Virado – Significa transformado em algo, dando a entender que a pessoa em questão encontra-se, momentaneamente, fora do seu juízo perfeito. Variações comuns são “Virado na porra”, “Virado no carai” e o enigmático “Virado no mói de coentro”.
Te fode! – Variação local do popular “Foda-se”, praticado no resto do Brasil. Admite complementos, como “Te fode, doido” ou “Te fode, véi”.
Se garante – Alguém que é competente em alguma coisa, mesmo que seja uma coisa ruim. Por exemplo: “Ela se garante na chatice, visse?”.
Acochar – Significa, literalmente, apertar. Serve para descrever, em termos grosseiros, uma relação física entre duas pessoas, quando uma acocha a outra e, se tudo der certo, é acochado de volta.
Amolegar – Significar mexer em algo ou, dependendo do contexto, passar a mão no órgão sexual alheio, preferencialmente com concordância previamente estipulada.
Balaio-de-gato – Uma situação confusa. Não se sabe quem está certo e quem está errado, muito menos que é o dono dos gatos ou como eles foram parar naquele balaio, para início de conversa.
Pegar bigu – O mesmo que pegar carona, mais utilizado no interior do estado. Não há conotações sexuais nessa expressão.
Couro-de-pica – Algo que não se resolve, vai e volta, lembrando o movimento do órgão sexual masculino durante o ato.
Pegar ar – Ficar nervoso, perder a calma ou a paciência em relação a alguma coisa.
Fuleiro – Significa algo de baixa qualidade, inclusive amizades. O fuleiro é a pessoa com a qual não se pode contar para nada, seja para dar uma ajuda no trabalho ou mesmo para aparecer para uma cervejinha com os amigos. Dá origem ao verbo “fuleirar”.
Farrapar – Ver fuleirar.
Cair um baque – Tropeçar e cair no chão, geralmente de forma patética e com pessoas apontando e rindo de você.
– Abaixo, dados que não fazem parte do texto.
definition collinear_vec :: "real^'n \<Rightarrow> real^'n \<Rightarrow> bool" where
  "collinear_vec w z \<longleftrightarrow> (\<exists>a. w = a *\<^sub>R z) \<or> (\<exists>a. z = a *\<^sub>R w)"

definition strictly_convex_norm :: "(real^'n \<Rightarrow> real) \<Rightarrow> bool" where
  "strictly_convex_norm N \<longleftrightarrow> (\<forall>\<beta> w z. 0 < \<beta> \<and> \<beta> < 1 \<and> \<not> collinear_vec w z \<longrightarrow>
      N (\<beta> *\<^sub>R w + (1 - \<beta>) *\<^sub>R z) < \<beta> * N w + (1 - \<beta>) * N z)"

definition vmax :: "(real^'n \<Rightarrow> real) \<Rightarrow> real^'n \<Rightarrow> real^'n" where
  "vmax N y = (if y = 0 then 0 else
     (THE w. N w \<le> 1 \<and> (\<forall>z. N z \<le> 1 \<longrightarrow> y \<bullet> z \<le> y \<bullet> w)))"

definition proxy :: "(real^'n \<Rightarrow> real) \<Rightarrow> real \<Rightarrow> (real^'n \<Rightarrow> real) \<Rightarrow> real^'n \<Rightarrow> real^'n \<Rightarrow> real \<Rightarrow> real^'n" where
  "proxy N c lab A y b =
    (if y = 0 then A else
      (let q = (y \<bullet> A + b) / dual_norm N y in
        if 0 \<le> q \<and> q < 2 / c \<and> lab A = -1 then A - q *\<^sub>R vmax N y
        else if 0 \<le> q \<and> q < 2 / c \<and> lab A = 1 then A + (2 / c - q) *\<^sub>R vmax N y
        else A))"

definition margin_h :: "real^'n \<Rightarrow> real \<Rightarrow> (real^'n) set \<Rightarrow> (real^'n) set \<Rightarrow> real" where
  "margin_h y b P M = min (Min ((\<lambda>x. y \<bullet> x + b) ` P)) (Min ((\<lambda>x. - (y \<bullet> x) - b) ` M))"

end

theory Submission imports Defs begin

text \<open>
  Every agent is classified by \<open>(y\<^sub>*, b\<^sub>*)\<close> with normalized margin at least \<open>d\<^sub>*\<close>, and the
  proxies only push a point further to its own side of that hyperplane as long as
  \<open>y\<^sub>*\<^sup>T v(y\<^sub>t) \<ge> 0\<close>; hence the sets seen by SMM stay separated by \<open>(y\<^sub>*, b\<^sub>*)\<close> with margin
  \<open>d\<^sub>* \<parallel>y\<^sub>*\<parallel>\<^sub>*\<close>. For an optimal \<open>(y, b)\<close> with margin \<open>d\<close>, the margin function is concave and
  positively homogeneous, so along \<open>z\<^sub>r = (1 - r) y + r y\<^sub>* / \<parallel>y\<^sub>*\<parallel>\<^sub>*\<close> optimality of \<open>d\<close> forces
  \<open>\<parallel>z\<^sub>r\<parallel>\<^sub>* \<ge> 1 - r + r d\<^sub>* / d\<close>. The maximizers \<open>v(z\<^sub>r)\<close> are therefore near-maximizers of \<open>y\<close>
  with \<open>y\<^sub>*\<^sup>T v(z\<^sub>r) \<ge> \<parallel>y\<^sub>*\<parallel>\<^sub>* d\<^sub>* / d\<close>; by compactness and uniqueness of the maximizer
  (strict convexity) this bound passes to \<open>v(y)\<close>.
\<close>

locale vec_norm =
  fixes N :: "real^'n \<Rightarrow> real"
  assumes norm: "is_norm N"
begin

lemma N_zero [simp]: "N 0 = 0"
  using norm unfolding is_norm_def by auto

lemma N_eq_0_iff: "N x = 0 \<longleftrightarrow> x = 0"
  using norm unfolding is_norm_def by auto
Arrancar o samboque – Tropeçar e, no processo, perder a pontinha do dedo do pé.
Vou chegar – Vou embora. Ninguém sabe muito bem qual a origem dessa expressão, mas até eu admito que não faz o menor sentido. Aceita variações como “Vou chegar nessa” e “Vou lavrar”.
Além dessas existem muitas outras. Lembrando que há também aquelas que são comuns ao Nordeste como um todo, como "Eita", “Oxente”, “Ôxe”, “Vixe Maria”, “Galego” e outras mais. Muitas delas, apesar da resistência das mayaras da vida, se popularizaram por todo o Brasil. Difícil é encontrar alguém hoje em dia, mesmo na lonjura das fronteiras gaúchas ou no coração de São Paulo, que não fale o seu “Vish” ou “Afe”, corruptelas dos originais nordestinos. Seria impossível acrescentar todas em um único post e muitas não me vêm à cabeça no momento, por isso peço aos leitores, de Pernambuco ou não, que deixem na seção de comentários suas contribuições para esse dicionário, visando assim melhorar a comunicação entre o pernambucano e o resto do Brasil. E você, que é de fora, vá praticando. Pernambuco está de portas abertas para você.
Mas faz aí um esforçozinho para aprender a falar nossa língua antes de vir, vai.